Abstract

A study of the ‘Current Problems’ publication of the Committee on Safety of Medicines in the UK has shown that many drug safety alerts or warnings are based upon a fairly small number of spontaneous adverse drug reaction reports. In terms of problems naming one drug and one serious reaction, or type of reaction, 24 (52%) of the 46 problems discussed in ‘Current Problems’ related to 10 or less yellow card reports. Nine (43%) of the 21 problems naming one drug and one non-serious reaction, or type of reaction, were concerned with 10 or less reports. ‘Current Problems’ contain many entries other than this rather clear-cut type of situation but, in respect of all other quantified entries in the publication that related to serious reactions, 13 (41%) of the 32 relevant problems were concerned with 10 or less yellow card reports.

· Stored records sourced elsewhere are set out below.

(* For every $k\in\mathbb N$, the element $xC_ky$ (free product) belongs to $U$, the subalgebra of the $q$-shuffle algebra $(\mathbb V,\star)$ generated by $x$ and $y$.
   Context: $\mathbb F$ is a field of characteristic zero and $q\in\mathbb F$ is nonzero and not a root of unity; $[n]_q=(q^n-q^{-n})/(q-q^{-1})$. $\mathbb V$ is the free algebra on noncommuting letters $x,y$; a word is a product of letters (the empty word is $1$), and words form a basis. The $q$-shuffle product $\star$ on $\mathbb V$ is the bilinear product with $1\star v=v\star 1=v$ and, for nontrivial words $u=u_1\cdots u_r$, $v=v_1\cdots v_s$ (letters $u_i,v_j$), $u\star v=u_1\bigl((u_2\cdots u_r)\star v\bigr)+v_1\bigl(u\star(v_2\cdots v_s)\bigr)q^{(u_1,v_1)+(u_2,v_1)+\cdots+(u_r,v_1)}$, where juxtaposition is concatenation and $(x,x)=(y,y)=2$, $(x,y)=(y,x)=-2$. Set $\overline x=1$, $\overline y=-1$. A word $u_1\cdots u_n$ is Catalan if $\overline u_1+\cdots+\overline u_i\ge0$ for $1\le i\le n-1$ and $=0$ for $i=n$. For $n\in\mathbb N$, $C_n=\sum u_1u_2\cdots u_{2n}\,[1]_q[1+\overline u_1]_q[1+\overline u_1+\overline u_2]_q\cdots[1+\overline u_1+\cdots+\overline u_{2n}]_q$, summed over all Catalan words of length $2n$ (so $C_0=1$). *)

theory Defs
  imports Main "HOL-Library.Poly_Mapping"
begin

datatype letter = X | Y

type_synonym 'f vec = "letter list \<Rightarrow>\<^sub>0 'f"

definition lbar :: "letter \<Rightarrow> int" where
  "lbar a = (if a = X then 1 else -1)"

definition lpair :: "letter \<Rightarrow> letter \<Rightarrow> int" where
  "lpair a b = (if a = b then 2 else -2)"

definition qint :: "'f::field \<Rightarrow> int \<Rightarrow> 'f" where
  "qint q n = (q powi n - q powi (-n)) / (q - inverse q)"

definition smul :: "'f::field \<Rightarrow> 'f vec \<Rightarrow> 'f vec" where
  "smul c p = Poly_Mapping.map (\<lambda>a. c * a) p"

definition lcons :: "letter \<Rightarrow> 'f::field vec \<Rightarrow> 'f vec" where
  "lcons a p = (\<Sum>w\<in>Poly_Mapping.keys p. Poly_Mapping.single (a # w) (Poly_Mapping.lookup p w))"

fun wshuffle :: "'f::field \<Rightarrow> letter list \<Rightarrow> letter list \<Rightarrow> 'f vec" where
  "wshuffle q [] v = Poly_Mapping.single v 1"
| "wshuffle q (a # u) [] = Poly_Mapping.single (a # u) 1"
| "wshuffle q (a # u) (b # v) =
     lcons a (wshuffle q u (b # v))
     + smul (q powi (\<Sum>c\<leftarrow>a # u. lpair c b)) (lcons b (wshuffle q (a # u) v))"

definition qshuffle :: "'f::field \<Rightarrow> 'f vec \<Rightarrow> 'f vec \<Rightarrow> 'f vec" where
  "qshuffle q f g = (\<Sum>u\<in>Poly_Mapping.keys f. \<Sum>v\<in>Poly_Mapping.keys g.
      smul (Poly_Mapping.lookup f u * Poly_Mapping.lookup g v) (wshuffle q u v))"

inductive_set Ualg :: "'f::field \<Rightarrow> 'f vec set" for q where
  one: "Poly_Mapping.single [] 1 \<in> Ualg q"
| genx: "Poly_Mapping.single [X] 1 \<in> Ualg q"
| geny: "Poly_Mapping.single [Y] 1 \<in> Ualg q"
| add: "f \<in> Ualg q \<Longrightarrow> g \<in> Ualg q \<Longrightarrow> f + g \<in> Ualg q"
| smul: "f \<in> Ualg q \<Longrightarrow> smul c f \<in> Ualg q"
| mult: "f \<in> Ualg q \<Longrightarrow> g \<in> Ualg q \<Longrightarrow> qshuffle q f g \<in> Ualg q"

definition catalan :: "letter list \<Rightarrow> bool" where
  "catalan w \<longleftrightarrow> (\<forall>i\<in>{1..<length w}. (\<Sum>j<i. lbar (w ! j)) \<ge> 0)
                 \<and> (\<Sum>j<length w. lbar (w ! j)) = 0"

definition catcoeff :: "'f::field \<Rightarrow> letter list \<Rightarrow> 'f" where
  "catcoeff q w = (\<Prod>i\<in>{0..length w}. qint q (1 + (\<Sum>j<i. lbar (w ! j))))"

definition Cat :: "'f::field \<Rightarrow> nat \<Rightarrow> 'f vec" where
  "Cat q n = (\<Sum>w\<in>{w. length w = 2 * n \<and> catalan w}.
               Poly_Mapping.single w (catcoeff q w))"

definition xvy :: "'f::field vec \<Rightarrow> 'f vec" where
  "xvy p = (\<Sum>w\<in>Poly_Mapping.keys p. Poly_Mapping.single (X # w @ [Y]) (Poly_Mapping.lookup p w))"

end

theory Submission
  imports Defs
begin

text \<open>Work with arbitrary series, i.e. functions from words to the field; on them the q-shuffle
  can be computed one letter at a time.  Let \<open>E\<^sub>h\<close> weigh each word as a lattice path from height
  \<open>h\<close> down to \<open>0\<close>, so that \<open>E\<^sub>0\<close> is the sum of all \<open>C\<^sub>n\<close>, and put \<open>A = x E\<^sub>0\<close> and \<open>P = x E\<^sub>0 y\<close>.
  Induction on words gives three q-commutator identities
  \<^item> \<open>(q - q\<^sup>-\<^sup>1) (A - x) = x \<star> P - P \<star> x\<close>,
  \<^item> \<open>(q - q\<^sup>-\<^sup>1) (E\<^sub>0 - 1) = q\<^sup>2 A \<star> y - y \<star> A\<close>,
  \<^item> \<open>(q - q\<^sup>-\<^sup>1) N E\<^sub>0 = P' \<star> E\<^sub>0 - E\<^sub>0 \<star> P''\<close>,

  where \<open>N\<close> multiplies each word by its number of \<open>x\<close>'s and \<open>P'\<close>, \<open>P''\<close> weight the words of \<open>P\<close>
  by \<open>q\<^sup>2\<close>, resp. \<open>q\<^sup>-\<^sup>2\<close>, to that number.  The q-shuffle is graded by the number of \<open>x\<close>'s.  In
  degree \<open>k + 1\<close> the first two identities express \<open>A\<close> and then \<open>E\<^sub>0\<close> through the degree-\<open>k\<close> part
  of \<open>P\<close>, and the third expresses \<open>(q - q\<^sup>-\<^sup>1) [2k+2]\<^sub>q\<close> times the degree-\<open>(k+1)\<close> part of \<open>P\<close>
  through that of \<open>E\<^sub>0\<close> and products of lower parts.  As \<open>[n]\<^sub>q \<noteq> 0\<close>, induction on \<open>k\<close> puts all
  homogeneous parts of \<open>E\<^sub>0\<close> and \<open>P\<close> into \<open>U\<close>; that of \<open>P\<close> in degree \<open>k + 1\<close> is \<open>x C\<^sub>k y\<close>.\<close>

section \<open>The q-shuffle product of series\<close>

type_synonym 'f series = "letter list \<Rightarrow> 'f"

definition lderiv :: "letter \<Rightarrow> 'f series \<Rightarrow> 'f series" where
  "lderiv a f = (\<lambda>w. f (a # w))"

lemma lderiv_apply [simp]: "lderiv a f w = f (a # w)"
  by (simp add: lderiv_def)

definition twist :: "'f::field \<Rightarrow> letter \<Rightarrow> 'f series \<Rightarrow> 'f series" where
  "twist q a f = (\<lambda>w. q powi (\<Sum>d\<leftarrow>w. lpair d a) * f w)"

text \<open>The coefficient of \<open>a w\<close> in \<open>f \<star> g\<close>: the letter \<open>a\<close> comes either from the word of \<open>f\<close> or
  from the word of \<open>g\<close>, and in the second case it has been moved past the whole word of \<open>f\<close>.\<close>

fun qstar :: "'f::field \<Rightarrow> 'f series \<Rightarrow> 'f series \<Rightarrow> 'f series" where
  "qstar q f g [] = f [] * g []"
| "qstar q f g (a # w) = qstar q (lderiv a f) g w + qstar q (twist q a f) (lderiv a g) w"

lemma qstar_linear_left:
  "qstar q (\<lambda>w. c * f1 w + d * f2 w) g w = c * qstar q f1 g w + d * qstar q f2 g w"
proof (induction w arbitrary: f1 f2 g)
  case (Cons a w)
  have "lderiv a (\<lambda>w. c * f1 w + d * f2 w) = (\<lambda>w. c * lderiv a f1 w + d * lderiv a f2 w)"
    "twist q a (\<lambda>w. c * f1 w + d * f2 w) = (\<lambda>w. c * twist q a f1 w + d * twist q a f2 w)"
    by (simp_all add: lderiv_def twist_def algebra_simps)
  then show ?case by (simp add: Cons.IH algebra_simps del: lderiv_apply)
qed (simp add: algebra_simps)

lemma qstar_linear_right:
  "qstar q f (\<lambda>w. c * g1 w + d * g2 w) w = c * qstar q f g1 w + d * qstar q f g2 w"
proof (induction w arbitrary: f g1 g2)
  case (Cons a w)
  have "lderiv a (\<lambda>w. c * g1 w + d * g2 w) = (\<lambda>w. c * lderiv a g1 w + d * lderiv a g2 w)"
    by (simp add: lderiv_def)
  then show ?case by (simp add: Cons.IH algebra_simps del: lderiv_apply)
qed (simp add: algebra_simps)

lemma qstar_scale_left [simp]: "qstar q (\<lambda>w. c * f w) g w = c * qstar q f g w"
  and qstar_scale_right [simp]: "qstar q f (\<lambda>w. c * g w) w = c * qstar q f g w"
  and qstar_add_left [simp]: "qstar q (\<lambda>w. f1 w + f2 w) g w = qstar q f1 g w + qstar q f2 g w"
  and qstar_add_right [simp]: "qstar q f (\<lambda>w. g1 w + g2 w) w = qstar q f g1 w + qstar q f g2 w"
  and qstar_zero_left [simp]: "qstar q (\<lambda>w. 0) g w = 0"
  and qstar_zero_right [simp]: "qstar q f (\<lambda>w. 0) w = 0"
  using qstar_linear_left[of q c f 0 f g w] qstar_linear_right[of q f c g 0 g w]
    qstar_linear_left[of q 1 f1 1 f2 g w] qstar_linear_right[of q f 1 g1 1 g2 w]
    qstar_linear_left[of q 0 f 0 f g w] qstar_linear_right[of q f 0 g 0 g w]
  by simp_all

lemma qstar_sum_left:
  "finite S \<Longrightarrow> qstar q (\<lambda>w. \<Sum>i\<in>S. F i w) g w = (\<Sum>i\<in>S. qstar q (F i) g w)"
  by (induction S rule: finite_induct) simp_all

lemma qstar_sum_right:
  "finite S \<Longrightarrow> qstar q f (\<lambda>w. \<Sum>i\<in>S. G i w) w = (\<Sum>i\<in>S. qstar q f (G i) w)"
  by (induction S rule: finite_induct) simp_all

definition delta :: "letter list \<Rightarrow> 'f::zero_neq_one series" where
  "delta u = (\<lambda>w. if w = u then 1 else 0)"

lemma delta_same [simp]: "delta u u = 1"
  and delta_Cons_Cons [simp]: "delta (a # u) (b # w) = (if a = b then delta u w else 0)"
  and delta_Nil_Cons [simp]: "delta [] (b # w) = 0"
  by (simp_all add: delta_def)

lemma lderiv_delta_Nil [simp]: "lderiv a (delta []) = (\<lambda>w. 0)"
  and lderiv_delta_Cons [simp]: "lderiv b (delta (a # u)) = (if a = b then delta u else (\<lambda>w. 0))"
  by (auto simp: lderiv_def delta_def)

lemma twist_delta [simp]: "twist q a (delta u) = (\<lambda>w. q powi (\<Sum>d\<leftarrow>u. lpair d a) * delta u w)"
  by (auto simp: twist_def delta_def)

lemma qstar_delta_Nil_left [simp]: "qstar q (delta []) f w = f w"
  by (induction w arbitrary: f) simp_all

lemma qstar_delta_Nil_right [simp]: "qstar q f (delta []) w = f w"
  by (induction w arbitrary: f) simp_all

lemma lookup_smul [simp]: "Poly_Mapping.lookup (smul c p) w = c * Poly_Mapping.lookup p w"
  by (simp add: smul_def Poly_Mapping.map.rep_eq when_def)

lemma lookup_lcons [simp]:
  "Poly_Mapping.lookup (lcons a p) [] = 0"
  "Poly_Mapping.lookup (lcons a p) (b # w) = (if b = a then Poly_Mapping.lookup p w else 0)"
  by (auto simp: lcons_def lookup_sum lookup_single when_def in_keys_iff)

lemma lookup_single_one [simp]: "Poly_Mapping.lookup (Poly_Mapping.single u (1::'f::field)) = delta u"
  by (auto simp: lookup_single delta_def when_def)

lemma lookup_eq_sum_delta:
  fixes p :: "'f::field vec"
  shows "Poly_Mapping.lookup p = (\<lambda>w. \<Sum>u\<in>Poly_Mapping.keys p. Poly_Mapping.lookup p u * delta u w)"
proof
  fix w
  have "(\<Sum>u\<in>Poly_Mapping.keys p. Poly_Mapping.lookup p u * delta u w)
      = (\<Sum>u\<in>Poly_Mapping.keys p. if u = w then Poly_Mapping.lookup p w else 0)"
    by (rule sum.cong) (auto simp: delta_def)
  then show "Poly_Mapping.lookup p w = (\<Sum>u\<in>Poly_Mapping.keys p. Poly_Mapping.lookup p u * delta u w)"
    by (simp add: in_keys_iff)
qed

lemma lookup_wshuffle: "Poly_Mapping.lookup (wshuffle q u v) w = qstar q (delta u) (delta v) w"
proof (induction w arbitrary: u v)
  case Nil
  then show ?case
    by (cases "(q, u, v)" rule: wshuffle.cases) (auto simp: lookup_add delta_def)
next
  case (Cons b w)
  then show ?case
    by (cases "(q, u, v)" rule: wshuffle.cases) (auto simp: lookup_add)
qed

lemma lookup_qshuffle:
  "Poly_Mapping.lookup (qshuffle q f g) = qstar q (Poly_Mapping.lookup f) (Poly_Mapping.lookup g)"
  (is "?L = ?R")
proof
  fix w
  have "?L w = (\<Sum>u\<in>Poly_Mapping.keys f. \<Sum>v\<in>Poly_Mapping.keys g.
      Poly_Mapping.lookup f u * (Poly_Mapping.lookup g v * qstar q (delta u) (delta v) w))"
    by (simp add: qshuffle_def lookup_sum lookup_wshuffle mult.assoc)
  also have "\<dots> = (\<Sum>u\<in>Poly_Mapping.keys f.
      Poly_Mapping.lookup f u * qstar q (delta u) (Poly_Mapping.lookup g) w)"
    by (subst (2) lookup_eq_sum_delta) (simp add: qstar_sum_right sum_distrib_left)
  also have "\<dots> = ?R w"
    by (subst (2) lookup_eq_sum_delta) (simp add: qstar_sum_left)
  finally show "?L w = ?R w" .
qed

definition Useries :: "'f::field \<Rightarrow> 'f series set" where
  "Useries q = Poly_Mapping.lookup ` Ualg q"

lemma delta_in_Useries: "delta [] \<in> Useries q" "delta [X] \<in> Useries q" "delta [Y] \<in> Useries q"
  unfolding Useries_def using Ualg.one Ualg.genx Ualg.geny lookup_single_one by force+

lemma Useries_add: "F \<in> Useries q \<Longrightarrow> G \<in> Useries q \<Longrightarrow> (\<lambda>w. F w + G w) \<in> Useries q"
  unfolding Useries_def by (auto intro!: image_eqI[OF _ Ualg.add] simp: lookup_add)

lemma Useries_scale: "F \<in> Useries q \<Longrightarrow> (\<lambda>w. c * F w) \<in> Useries q"
  unfolding Useries_def by (auto intro!: image_eqI[OF _ Ualg.smul])

lemma Useries_qstar: "F \<in> Useries q \<Longrightarrow> G \<in> Useries q \<Longrightarrow> qstar q F G \<in> Useries q"
  unfolding Useries_def by (auto intro!: image_eqI[OF _ Ualg.mult] simp: lookup_qshuffle)

lemma Useries_diff: "F \<in> Useries q \<Longrightarrow> G \<in> Useries q \<Longrightarrow> (\<lambda>w. F w - G w) \<in> Useries q"
  using Useries_add[OF _ Useries_scale[of G q "-1"], of F] by simp

lemma Useries_zero: "(\<lambda>w. 0) \<in> Useries q"
  using Useries_scale[OF delta_in_Useries(1), where c = 0] by simp

lemma Useries_sum:
  "finite S \<Longrightarrow> (\<And>i. i \<in> S \<Longrightarrow> F i \<in> Useries q) \<Longrightarrow> (\<lambda>w. \<Sum>i\<in>S. F i w) \<in> Useries q"
  by (induction S rule: finite_induct) (simp_all add: Useries_zero Useries_add)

The situation seems to be different when non-serious reactions are considered — as in general review articles or entries considering the whole range of reactions being reported in respect of a specific drug — when 9 (65%) of the 14 relevant ‘Current Problems’ entries were concerned with 51 or more yellow card reports. Of the problems that named one drug and one serious reaction, or type of reaction, 12 of the 24 relevant ‘Current Problems’ entries were concerned with 4 or less yellow card reports. The relevant alerts and warnings seem, in view of subsequent experience, to have been justified. Nevertheless, there would seem to be much merit in investigating health hazard signals on computerized databases before publication takes place that may lead to differential reporting and subsequently bias the relevant data.